• **Required action**
Retype exactly the stretch of lines that begins at the line containing "then show ?thesis using not_le_lower_row" and ends at the last line of the data, with no other lines.

• **Data shown**
text \<open>For u = 1 this is the rotation j \<mapsto> j + a of every row; for u = 2 it is the reflection
  j \<mapsto> a - j, which in row k has to be shifted by the reflection shifts of the rows below.\<close>

definition column_map :: "nat \<Rightarrow> nat \<Rightarrow> nat \<Rightarrow> nat \<Rightarrow> nat" where
  "column_map u a k j = (u * j + a + (if u = 1 then 0 else \<Sum>l<k. reflection_shift l)) mod 3"

lemma column_map_lt: "column_map u a k j < 3"
  unfolding column_map_def by simp

lemma bij_betw_column_map: "u \<in> {1,2} \<Longrightarrow> bij_betw (column_map u a k) {..<3} {..<3}"
  using bij_betw_affine_mod3 unfolding column_map_def by (simp add: add.assoc)

lemma column_map_difference:
  assumes "u \<in> {1,2}"
  shows "(column_map u a (Suc k) j + 2 * column_map u a k i) mod 3
    = (if u = 1 then (j + 2 * i) mod 3 else (reflection_shift k + 2 * ((j + 2 * i) mod 3)) mod 3)"
proof (cases "u = 1")
  case True
  then show ?thesis unfolding column_map_def by (simp add: mod3_rotation_difference)
next
  case False
  then have "u = 2" using assms by simp
  then show ?thesis
    using mod3_reflection_difference[of j a "\<Sum>l<k. reflection_shift l" "reflection_shift k" i]
    unfolding column_map_def by (simp add: add.assoc)
qed

lemma le_column_map_iff:
  assumes u: "u \<in> {1,2}" and "k \<le> h" "l \<le> h" "i < 3" "j < 3"
  shows "le (c k i) (c l j) \<longleftrightarrow> le (c k (column_map u a k i)) (c l (column_map u a l j))"
proof -
  consider "k = l" | "l < k" | "l = Suc k" | "k + 2 \<le> l" by linarith
  then show ?thesis
  proof cases
    case 1
    have "column_map u a k i = column_map u a k j \<longleftrightarrow> i = j"
      using bij_betw_column_map[OF u] assms(4,5) by (auto dest: bij_betw_imp_inj_on inj_onD)
    then show ?thesis
      unfolding 1 le_same_row_iff[OF assms(3,4,5)] le_same_row_iff[OF assms(3) column_map_lt column_map_lt]
      using 1 by simp
  next
    case 2
    then show ?thesis using not_le_lower_row assms column_map_lt by blast
  next
    case 3
    then have kh: "k < h" using assms by simp
    define d where "d = (j + 2 * i) mod 3"
    have "d < 3" unfolding d_def by simp
    have "le (c k i) (c l j) \<longleftrightarrow> le (c k 0) (c (Suc k) d)"
      unfolding 3 d_def by (rule le_next_row_iff_offset[OF kh assms(4,5)])
    moreover have "le (c k (column_map u a k i)) (c l (column_map u a l j))
        \<longleftrightarrow> le (c k 0) (c (Suc k) (if u = 1 then d else (reflection_shift k + 2 * d) mod 3))"
      unfolding 3 le_next_row_iff_offset[OF kh column_map_lt column_map_lt]
        column_map_difference[OF u] d_def ..
    ultimately show ?thesis using offset_reflection_invariant[OF kh \<open>d < 3\<close>] by simp
  next
    case 4
    then show ?thesis using lt_rows_apart assms column_map_lt unfolding lt_def by blast
  qed
qed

• **Answer section**
    then show ?thesis using not_le_lower_row assms column_map_lt by blast
  next
    case 3
    then have kh: "k < h" using assms by simp
    define d where "d = (j + 2 * i) mod 3"
    have "d < 3" unfolding d_def by simp
    have "le (c k i) (c l j) \<longleftrightarrow> le (c k 0) (c (Suc k) d)"
      unfolding 3 d_def by (rule le_next_row_iff_offset[OF kh assms(4,5)])
    moreover have "le (c k (column_map u a k i)) (c l (column_map u a l j))
        \<longleftrightarrow> le (c k 0) (c (Suc k) (if u = 1 then d else (reflection_shift k + 2 * d) mod 3))"
      unfolding 3 le_next_row_iff_offset[OF kh column_map_lt column_map_lt]
        column_map_difference[OF u] d_def ..
    ultimately show ?thesis using offset_reflection_invariant[OF kh \<open>d < 3\<close>] by simp
  next
    case 4
    then show ?thesis using lt_rows_apart assms column_map_lt unfolding lt_def by blast
  qed
qed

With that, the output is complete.